Jaccard and seriation sorting strategies produce different batch orderings from their R equivalents. The R versions use exact pairwise-similarity chaining (jaccard) and hierarchical optimal-leaf-ordering via seriation::seriate (seriation). HarmonizePy uses nearest-neighbour chaining (jaccard) and PCA-based ordering (seriation).
In practice, both jaccard and sparsity sort produce identical batch orderings across all tested configurations. The seriation divergence produces a different ordering, but correction quality is within the same range. These algorithms are explicitly not required to match R exactly.
R writes cured_data.tsv.

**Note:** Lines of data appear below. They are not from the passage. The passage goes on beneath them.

lemma profile_quad_form_coercive:
  assumes "\<forall>\<nu><N. sym_pd (d \<nu>) (Q \<nu>)"
  shows "\<exists>lam>0. \<forall>x\<in>profiles N d.
           lam * profile_inner N d x x \<le> (\<Sum>\<nu><N. quad_form (d \<nu>) (Q \<nu>) (x \<nu>))"
proof -
  have "\<forall>\<nu>. \<exists>l. \<nu> < N \<longrightarrow> l > 0 \<and>
      (\<forall>v\<in>vecs (d \<nu>). l * (\<Sum>j<d \<nu>. (v j)\<^sup>2) \<le> quad_form (d \<nu>) (Q \<nu>) v)"
    using sym_pd_coercive assms by blast
  from choice[OF this] obtain lam where lam_pos: "\<forall>\<nu><N. lam \<nu> > 0"
    and lam: "\<forall>\<nu><N. \<forall>v\<in>vecs (d \<nu>). lam \<nu> * (\<Sum>j<d \<nu>. (v j)\<^sup>2) \<le> quad_form (d \<nu>) (Q \<nu>) v"
    by blast
  define lam0 where "lam0 = Min (insert 1 (lam ` {..<N}))"
  have "lam0 > 0"
    using lam_pos by (auto simp: lam0_def)
  have "lam0 * profile_inner N d x x \<le> (\<Sum>\<nu><N. quad_form (d \<nu>) (Q \<nu>) (x \<nu>))"
    if x: "x \<in> profiles N d" for x
  proof -
    have "lam0 * profile_inner N d x x = (\<Sum>\<nu><N. lam0 * (\<Sum>j<d \<nu>. (x \<nu> j)\<^sup>2))"
      by (simp add: profile_inner_def sum_distrib_left power2_eq_square)
    also have "\<dots> \<le> (\<Sum>\<nu><N. lam \<nu> * (\<Sum>j<d \<nu>. (x \<nu> j)\<^sup>2))"
      by (intro sum_mono mult_right_mono sum_nonneg) (auto simp: lam0_def)
    also have "\<dots> \<le> (\<Sum>\<nu><N. quad_form (d \<nu>) (Q \<nu>) (x \<nu>))"
      using x lam by (intro sum_mono) (auto simp: profiles_def)
    finally show ?thesis .
  qed
  with \<open>lam0 > 0\<close> show ?thesis by blast
qed

lemma compact_coordinatewise_bounded:
  "compact {x :: 'a \<Rightarrow> 'b \<Rightarrow> real. \<forall>\<nu> j. \<bar>x \<nu> j\<bar> \<le> R}"
proof -
  have "\<bar>t\<bar> \<le> R \<longleftrightarrow> t \<in> {-R..R}" for t :: real
    by auto
  then have eq: "{x :: 'a \<Rightarrow> 'b \<Rightarrow> real. \<forall>\<nu> j. \<bar>x \<nu> j\<bar> \<le> R} = {x. \<forall>\<nu>. x \<nu> \<in> {v. \<forall>j. v j \<in> {-R..R}}}"
    by (simp only: mem_Collect_eq)
  show ?thesis
    unfolding eq by (rule compact_Pi_UNIV)+ (rule compact_Icc)
qed

lemma prodX_update:
  assumes "x \<in> prodX N d Xs" and "\<nu> < N" and "w \<in> Xs \<nu>" and "Xs \<nu> \<subseteq> vecs (d \<nu>)"
  shows "x(\<nu> := w) \<in> prodX N d Xs"
  using assms by (auto simp: prodX_def profiles_def)

section \<open>The potential of NEP(\<epsilon>)\<close>

lemma matT_apply_add_scaled:
  "matT_apply N d M (\<lambda>\<mu> j. x \<mu> j + t * h \<mu> j) i = matT_apply N d M x i + t * matT_apply N d M h i"
  by (simp add: matT_apply_def sum.distrib sum_distrib_left algebra_simps)

locale smoothed_nep =
  fixes N m :: nat and d :: "nat \<Rightarrow> nat"
    and Q :: "nat \<Rightarrow> nat \<Rightarrow> nat \<Rightarrow> real" and c :: "nat \<Rightarrow> nat \<Rightarrow> real"
    and Xs :: "nat \<Rightarrow> (nat \<Rightarrow> real) set"
    and a qy :: "nat \<Rightarrow> real" and B L :: "nat \<Rightarrow> nat \<Rightarrow> nat \<Rightarrow> real"
    and phi :: "real \<Rightarrow> real"
  assumes Q_pd: "\<forall>\<nu><N. sym_pd (d \<nu>) (Q \<nu>)"
    and Xs_nonempty: "\<forall>\<nu><N. Xs \<nu> \<noteq> {}"
    and Xs_vecs: "\<forall>\<nu><N. Xs \<nu> \<subseteq> vecs (d \<nu>)"
    and X_convex: "convex_profile_set (prodX N d Xs)"
    and X_closed: "closed (prodX N d Xs)"
    and a_nonneg: "\<forall>i<m. a i \<ge> 0"
    and phi_convex: "convex_on UNIV phi"
    and phi_C1: "phi C1_differentiable_on UNIV"
begin

abbreviation cost :: "nat \<Rightarrow> (nat \<Rightarrow> nat \<Rightarrow> real) \<Rightarrow> real" where
  "cost \<equiv> theta N d m Q c a qy B L phi"

abbreviation nash_eq :: "(nat \<Rightarrow> nat \<Rightarrow> real) \<Rightarrow> bool" where
  "nash_eq \<equiv> is_nash_eq N d Xs cost"

definition lin_plus :: "(nat \<Rightarrow> nat \<Rightarrow> real) \<Rightarrow> nat \<Rightarrow> real" where
  "lin_plus x i = matT_apply N d L x i + matT_apply N d B x i / qy i"

definition lin_minus :: "(nat \<Rightarrow> nat \<Rightarrow> real) \<Rightarrow> nat \<Rightarrow> real" where
  "lin_minus x i = matT_apply N d L x i - matT_apply N d B x i / qy i"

HarmonizePy writes <data_stem>_corrected.tsv next to the input file.
If you want to compare HarmonizePy output against R on your own data, the simplest approach is to run the same data through R HarmonizR::harmonizR() and compare the outputs feature by feature.
A typical comparison in Python:
import pandas as pd
import numpy as np
py_result = pd.read_csv("harmonizepy_output.tsv", sep="\t", index_col=0)
r_result = pd.read_csv("harmonizr_output.tsv", sep="\t", index_col=0)
# Align on shared features and samples
shared = py_result.index.intersection(r_result.index)
py = py_result.loc[shared]
r = r_result.loc[shared]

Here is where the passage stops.